* [WORK TO COMPLETE]
Every line below between the one holding "y \<le> envelope" and the one holding "using wave_step[of x] by (simp add: s_step_eq", inclusive, should be copied exactly, and no other line.
Content starts
lemma bdd_above_profile_minus:
  assumes "\<And>y. 0 \<le> k y"
  shows "bdd_above ((\<lambda>y. profile y - k y) ` {L..0})"
proof (rule bdd_aboveI2)
  fix y :: real assume "y \<in> {L..0}"
  then have "profile y \<le> 2 * profile ((L + 0) / 2)"
    using concave_on_nonneg_le_twice_midpoint[OF concave_profile] profile_nonneg by blast
  then show "profile y - k y \<le> 2 * profile ((L + 0) / 2)"
    using assms[of y] by linarith
qed

lemma SUP_g_minus:
  assumes "\<And>y. 0 \<le> k y"
  shows "(SUP y. g y - ereal (k y)) = ereal (SUP y\<in>{L..0}. profile y - k y)"
  using g_outside g_inside L_nonpos bdd_above_profile_minus[OF assms]
  by (intro SUP_ereal_minus_supported) auto

definition envelope :: "real \<Rightarrow> real" where
  "envelope x = (SUP y\<in>{L..0}. profile y - \<bar>x - y\<bar>)"

definition penalized_max :: "real \<Rightarrow> real" where
  "penalized_max \<xi> = (SUP y\<in>{L..0}. profile y - min 1 \<mu> * max (\<xi> - y) 0)"

lemma envelope_ge: "y \<in> {L..0} \<Longrightarrow> profile y - \<bar>x - y\<bar> \<le> envelope x"
  unfolding envelope_def using bdd_above_profile_minus[of "\<lambda>y. \<bar>x - y\<bar>"] by (intro cSUP_upper) auto

lemma envelope_le: "(\<And>y. y \<in> {L..0} \<Longrightarrow> profile y - \<bar>x - y\<bar> \<le> c) \<Longrightarrow> envelope x \<le> c"
  unfolding envelope_def using L_nonpos by (intro cSUP_least) auto

lemma penalized_max_ge: "y \<in> {L..0} \<Longrightarrow> profile y - min 1 \<mu> * max (\<xi> - y) 0 \<le> penalized_max \<xi>"
  unfolding penalized_max_def using bdd_above_profile_minus[of "\<lambda>y. min 1 \<mu> * max (\<xi> - y) 0"] mu_pos
  by (intro cSUP_upper) auto

lemma penalized_max_le:
  "(\<And>y. y \<in> {L..0} \<Longrightarrow> profile y - min 1 \<mu> * max (\<xi> - y) 0 \<le> c) \<Longrightarrow> penalized_max \<xi> \<le> c"
  unfolding penalized_max_def using L_nonpos by (intro cSUP_least) auto

lemma Phi_ereal: "Phi \<gamma> \<mu> (ereal \<sigma>) g x = ereal (1 - \<gamma> - \<mu> * max (\<sigma> - x) 0 + envelope x)"
  unfolding Phi_def SUP_g_minus[OF abs_ge_zero] envelope_def by (simp add: max_def zero_ereal_def)

lemma Phi_minus_infinity: "Phi \<gamma> \<mu> (-\<infinity>) g x = ereal (1 - \<gamma> + envelope x)"
  unfolding Phi_def SUP_g_minus[OF abs_ge_zero] envelope_def by (simp add: max_def zero_ereal_def)

lemma p_step_eq: "p_step \<gamma> \<mu> g \<xi> = pi_cut (ereal (1 - \<gamma> + penalized_max \<xi>))"
  unfolding p_step_def penalized_max_def using mu_pos by (subst SUP_g_minus) auto


lemma SUP_Phi: "(SUP x. Phi \<gamma> \<mu> (ereal \<xi>) g x) = ereal (1 - \<gamma> + penalized_max \<xi>)"
proof (rule antisym)
  have "envelope x \<le> penalized_max \<xi> + \<mu> * max (\<xi> - x) 0" for x
  proof (rule envelope_le)
    fix y assume "y \<in> {L..0}"
    then show "profile y - \<bar>x - y\<bar> \<le> penalized_max \<xi> + \<mu> * max (\<xi> - x) 0"
      using penalized_max_ge[of y \<xi>] inf_convolution_pos_part_abs_le[of \<mu> \<xi> y x] mu_pos by linarith
  qed
  then have "1 - \<gamma> - \<mu> * max (\<xi> - x) 0 + envelope x \<le> 1 - \<gamma> + penalized_max \<xi>" for x
    by (smt (verit))
  then show "(SUP x. Phi \<gamma> \<mu> (ereal \<xi>) g x) \<le> ereal (1 - \<gamma> + penalized_max \<xi>)"
    by (intro SUP_least) (simp add: Phi_ereal)
  then obtain R where R: "(SUP x. Phi \<gamma> \<mu> (ereal \<xi>) g x) = ereal R"
    using SUP_upper[of 0 UNIV "Phi \<gamma> \<mu> (ereal \<xi>) g"] Phi_ereal[of \<xi> 0]
    by (cases "SUP x. Phi \<gamma> \<mu> (ereal \<xi>) g x") auto
  have "penalized_max \<xi> \<le> R - (1 - \<gamma>)"
  proof (rule penalized_max_le)
    fix y assume y: "y \<in> {L..0}"
    obtain x where x: "\<mu> * max (\<xi> - x) 0 + \<bar>x - y\<bar> = min 1 \<mu> * max (\<xi> - y) 0"
      using inf_convolution_pos_part_abs_attained by blast
    have "Phi \<gamma> \<mu> (ereal \<xi>) g x \<le> ereal R"
      unfolding R[symmetric] by (rule SUP_upper) simp
    then show "profile y - min 1 \<mu> * max (\<xi> - y) 0 \<le> R - (1 - \<gamma>)"
      using envelope_ge[OF y, of x] x by (simp add: Phi_ereal)
  qed
  then show "ereal (1 - \<gamma> + penalized_max \<xi>) \<le> (SUP x. Phi \<gamma> \<mu> (ereal \<xi>) g x)"
    by (simp add: R)
qed

definition admissible :: "real set" where
  "admissible = {\<xi>. \<gamma> \<le> 1 - \<gamma> + penalized_max \<xi>}"

lemma threshold_set_eq_admissible:
  "{ereal \<xi> | \<xi>. (SUP x. Phi \<gamma> \<mu> (ereal \<xi>) g x) \<ge> ereal \<gamma>} = ereal ` admissible"
  unfolding SUP_Phi admissible_def by auto

lemma s_step_eq_admissible: "s_step \<gamma> \<mu> g = Sup (ereal ` admissible)"
proof -
  have "p_step \<gamma> \<mu> g \<xi> \<ge> ereal \<gamma> \<longleftrightarrow> \<xi> \<in> admissible" for \<xi>
    using gamma_pos by (auto simp: p_step_eq pi_cut_def admissible_def)
  then show ?thesis
    unfolding s_step_def by (simp add: Setcompr_eq_image)
qed

lemma bdd_above_admissible: "bdd_above admissible"
proof (rule bdd_aboveI)
  define B where "B = 2 * profile (L / 2)"
  have B: "profile y \<le> B" if "y \<in> {L..0}" for y
    using concave_on_nonneg_le_twice_midpoint[OF concave_profile _ that] profile_nonneg
    by (simp add: B_def)
  fix \<xi> assume "\<xi> \<in> admissible"
  show "\<xi> \<le> max 0 ((1 + B) / min 1 \<mu>)"
  proof (rule ccontr)
    assume "\<not> ?thesis"
    then have "0 < \<xi>" "(1 + B) / min 1 \<mu> < \<xi>"
      by auto
    then have "1 + B < min 1 \<mu> * \<xi>"
      using mu_pos by (simp add: pos_divide_less_eq mult.commute)
    moreover have "penalized_max \<xi> \<le> B - min 1 \<mu> * \<xi>"
    proof (rule penalized_max_le)
      fix y assume "y \<in> {L..0}"
      moreover have "min 1 \<mu> * \<xi> \<le> min 1 \<mu> * max (\<xi> - y) 0"
        using mu_pos calculation by (intro mult_left_mono) auto
      ultimately show "profile y - min 1 \<mu> * max (\<xi> - y) 0 \<le> B - min 1 \<mu> * \<xi>"
        using B by force
    qed
    ultimately show False
      using \<open>\<xi> \<in> admissible\<close> \<open>1 + B < min 1 \<mu> * \<xi>\<close> gamma_pos by (simp add: admissible_def)
  qed
qed

text \<open>If no position were admissible, one step would be the bare sup-convolution shifted up by
  \<open>1 - \<gamma>\<close>, which would raise the maximum of the profile.\<close>
lemma admissible_nonempty: "admissible \<noteq> {}"
proof
  assume "admissible = {}"
  then have "s_step \<gamma> \<mu> g = -\<infinity>"
    by (simp add: s_step_eq_admissible bot_ereal_def)
  then have shift: "g (x - v) = pi_cut (ereal (1 - \<gamma> + envelope x))" for x
    using wave_step[of x] by (simp add: Phi_minus_infinity)
  have "penalized_max L \<le> penalized_max L - (1 - \<gamma>)"
  proof (rule penalized_max_le)
    fix y assume y: "y \<in> {L..0}"
    have up: "profile y \<le> envelope y"
      using envelope_ge[OF y, of y] by simp
    then have "0 \<le> 1 - \<gamma> + envelope y"
      using profile_nonneg[OF y] gamma_less_one by linarith
    then have "g (y - v) = ereal (1 - \<gamma> + envelope y)"
      using shift[of y] by (simp add: pi_cut_def)
    moreover have "y - v \<in> {L..0}"
      using support_iff[of "y - v"] \<open>0 \<le> 1 - \<gamma> + envelope y\<close> calculation by simp
    ultimately have "profile (y - v) = 1 - \<gamma> + envelope y"
      using g_inside by simp
    moreover have "profile (y - v) \<le> penalized_max L"
      using penalized_max_ge[OF \<open>y - v \<in> {L..0}\<close>, of L] \<open>y - v \<in> {L..0}\<close> by simp
    ultimately show "profile y - min 1 \<mu> * max (L - y) 0 \<le> penalized_max L - (1 - \<gamma>)"
      using up y by simp
  qed
  then show False
    using gamma_less_one by simp
qed

definition s_wave :: real where
  "s_wave = Sup admissible"

lemma Sup_ereal_admissible: "Sup (ereal ` admissible) = ereal s_wave"
  using continuous_at_Sup_mono[of ereal admissible] admissible_nonempty bdd_above_admissible
  by (simp add: s_wave_def mono_def continuous_at_imp_continuous_at_within)


lemma s_step_eq: "s_step \<gamma> \<mu> g = ereal s_wave"
  using s_step_eq_admissible Sup_ereal_admissible by simp

definition phi :: "real \<Rightarrow> real" where
  "phi x = 1 - \<gamma> - \<mu> * max (s_wave - x) 0 + envelope x"

lemma Phi_s_wave: "Phi \<gamma> \<mu> (ereal s_wave) g x = ereal (phi x)"
  by (simp add: Phi_ereal phi_def)

lemma wave_step_phi: "g (x - v) = pi_cut (ereal (phi x))"
  using wave_step[of x] by (simp add: s_step_eq Phi_s_wave)

lemma profile_eq_phi: "y \<in> {L..0} \<Longrightarrow> profile y = phi (y + v)"
  using wave_step_phi[of "y + v"] g_inside[of y] by (auto simp: pi_cut_def split: if_splits)

lemma phi_neg_outside: "y \<notin> {L..0} \<Longrightarrow> phi (y + v) < 0"
  using wave_step_phi[of "y + v"] support_iff[of y] by (auto simp: pi_cut_def split: if_splits)

lemma profile_outside: "y \<notin> {L..0} \<Longrightarrow> profile y = 0"
  by (simp add: profile_def g_outside)

lemma envelope_lipschitz: "envelope x \<le> envelope x' + \<bar>x - x'\<bar>"
proof (rule envelope_le)
  fix y assume "y \<in> {L..0}"
  then show "profile y - \<bar>x - y\<bar> \<le> envelope x' + \<bar>x - x'\<bar>"
    using envelope_ge[of y x'] by linarith
qed

lemma phi_shift_right:
  assumes "0 \<le> t"
  shows "phi x - t \<le> phi (x + t)"
proof -
  have "\<mu> * max (s_wave - (x + t)) 0 \<le> \<mu> * max (s_wave - x) 0"
    using mu_pos assms by (intro mult_left_mono) auto
  then show ?thesis
    using envelope_lipschitz[of x "x + t"] assms by (simp add: phi_def)
qed

lemma profile_zero: "profile 0 = 0"
proof (rule ccontr)
  assume "profile 0 \<noteq> 0"
  then have pos: "0 < profile 0"
    using profile_nonneg[of 0] L_nonpos by auto
  have "profile 0 - profile 0 \<le> phi (profile 0 + v)"
    using phi_shift_right[of "profile 0" v] profile_eq_phi[of 0] L_nonpos pos by (simp add: add.commute)
  moreover have "phi (profile 0 + v) < 0"
    using phi_neg_outside[of "profile 0"] pos by simp
  ultimately show False
    by simp
qed

lemma profile_le_neg: "y \<in> {L..0} \<Longrightarrow> profile y \<le> - y"
  using phi_shift_right[of "- y" "y + v"] profile_eq_phi[of y] profile_eq_phi[of 0] profile_zero L_nonpos
  by simp

lemma continuous_on_profile: "continuous_on {L..0} profile"
proof -
  have "1-lipschitz_on UNIV envelope"
  proof (rule lipschitz_onI)
    fix x y :: real
    show "dist (envelope x) (envelope y) \<le> 1 * dist x y"
      using envelope_lipschitz[of x y] envelope_lipschitz[of y x]
      by (simp add: dist_real_def abs_le_iff abs_minus_commute)
  qed simp
  then have "continuous_on UNIV envelope"
    by (rule lipschitz_on_continuous_on)
  then have "continuous_on UNIV phi"
    unfolding phi_def[abs_def] by (intro continuous_intros)
  then have "continuous_on {L..0} (\<lambda>y. phi (y + v))"
    by (rule continuous_on_compose2) (auto intro: continuous_intros)
  then show ?thesis
    by (rule continuous_on_eq) (simp add: profile_eq_phi)
qed

lemma profile_derivative_le_one:
  assumes "L \<le> 2 * x" and D: "(profile has_real_derivative D) (at x)"
  shows "D \<le> 1"
proof (cases "0 \<le> x")
  case True
  have zero: "profile y = 0" if "x \<le> y" for y
    using profile_zero profile_outside[of y] True that by (cases "y = 0") auto
  show ?thesis
  proof (rule ccontr)
    assume "\<not> D \<le> 1"
    then obtain e where "0 < e" "\<And>t. 0 < t \<Longrightarrow> t < e \<Longrightarrow> profile x < profile (x + t)"
      using DERIV_pos_inc_right[OF D] by force
    then have "profile x < profile (x + e / 2)"
      by simp
    then show False
      using zero[of x] zero[of "x + e / 2"] \<open>0 < e\<close> by simp
  qed
next
  case False
  then have "L < x"
    using assms(1) by simp
  then have "profile L \<le> profile x + D * (L - x)"
    using concave_on_below_tangent[OF concave_profile _ _ _ D] False L_nonpos by auto
  then have "D * (x - L) \<le> 1 * (x - L)"
    using profile_le_neg[of x] profile_nonneg[of L] False \<open>L < x\<close> assms(1) by (simp add: algebra_simps)
  then show ?thesis
    using \<open>L < x\<close> by simp
qed

lemma profile_slope_ge_neg_one:
  assumes "L \<le> y" "y < x" "x \<le> 0"
  shows "y - x \<le> profile x - profile y"
proof (cases "x = 0")
  case True
  then show ?thesis
    using profile_le_neg[of y] profile_zero assms by simp
next
  case False
  then have "(profile 0 - profile y) / (0 - y) \<le> (profile x - profile y) / (x - y)"
    using concave_on_slope_le(1)[OF concave_profile, of y 0 x] assms by auto
  moreover have "-1 \<le> (profile 0 - profile y) / (0 - y)"
    using profile_le_neg[of y] profile_zero assms False by (simp add: field_simps)
  ultimately have "-1 \<le> (profile x - profile y) / (x - y)"
    by linarith
  then show ?thesis
    using assms by (simp add: le_divide_eq)
qed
Content ends
* [WRITTEN ANSWER]
    have up: "profile y \<le> envelope y"
      using envelope_ge[OF y, of y] by simp
    then have "0 \<le> 1 - \<gamma> + envelope y"
      using profile_nonneg[OF y] gamma_less_one by linarith
    then have "g (y - v) = ereal (1 - \<gamma> + envelope y)"
      using shift[of y] by (simp add: pi_cut_def)
    moreover have "y - v \<in> {L..0}"
      using support_iff[of "y - v"] \<open>0 \<le> 1 - \<gamma> + envelope y\<close> calculation by simp
    ultimately have "profile (y - v) = 1 - \<gamma> + envelope y"
      using g_inside by simp
    moreover have "profile (y - v) \<le> penalized_max L"
      using penalized_max_ge[OF \<open>y - v \<in> {L..0}\<close>, of L] \<open>y - v \<in> {L..0}\<close> by simp
    ultimately show "profile y - min 1 \<mu> * max (L - y) 0 \<le> penalized_max L - (1 - \<gamma>)"
      using up y by simp
  qed
  then show False
    using gamma_less_one by simp
qed

definition s_wave :: real where
  "s_wave = Sup admissible"

lemma Sup_ereal_admissible: "Sup (ereal ` admissible) = ereal s_wave"
  using continuous_at_Sup_mono[of ereal admissible] admissible_nonempty bdd_above_admissible
  by (simp add: s_wave_def mono_def continuous_at_imp_continuous_at_within)


lemma s_step_eq: "s_step \<gamma> \<mu> g = ereal s_wave"
  using s_step_eq_admissible Sup_ereal_admissible by simp

definition phi :: "real \<Rightarrow> real" where
  "phi x = 1 - \<gamma> - \<mu> * max (s_wave - x) 0 + envelope x"

lemma Phi_s_wave: "Phi \<gamma> \<mu> (ereal s_wave) g x = ereal (phi x)"
  by (simp add: Phi_ereal phi_def)

lemma wave_step_phi: "g (x - v) = pi_cut (ereal (phi x))"
  using wave_step[of x] by (simp add: s_step_eq Phi_s_wave)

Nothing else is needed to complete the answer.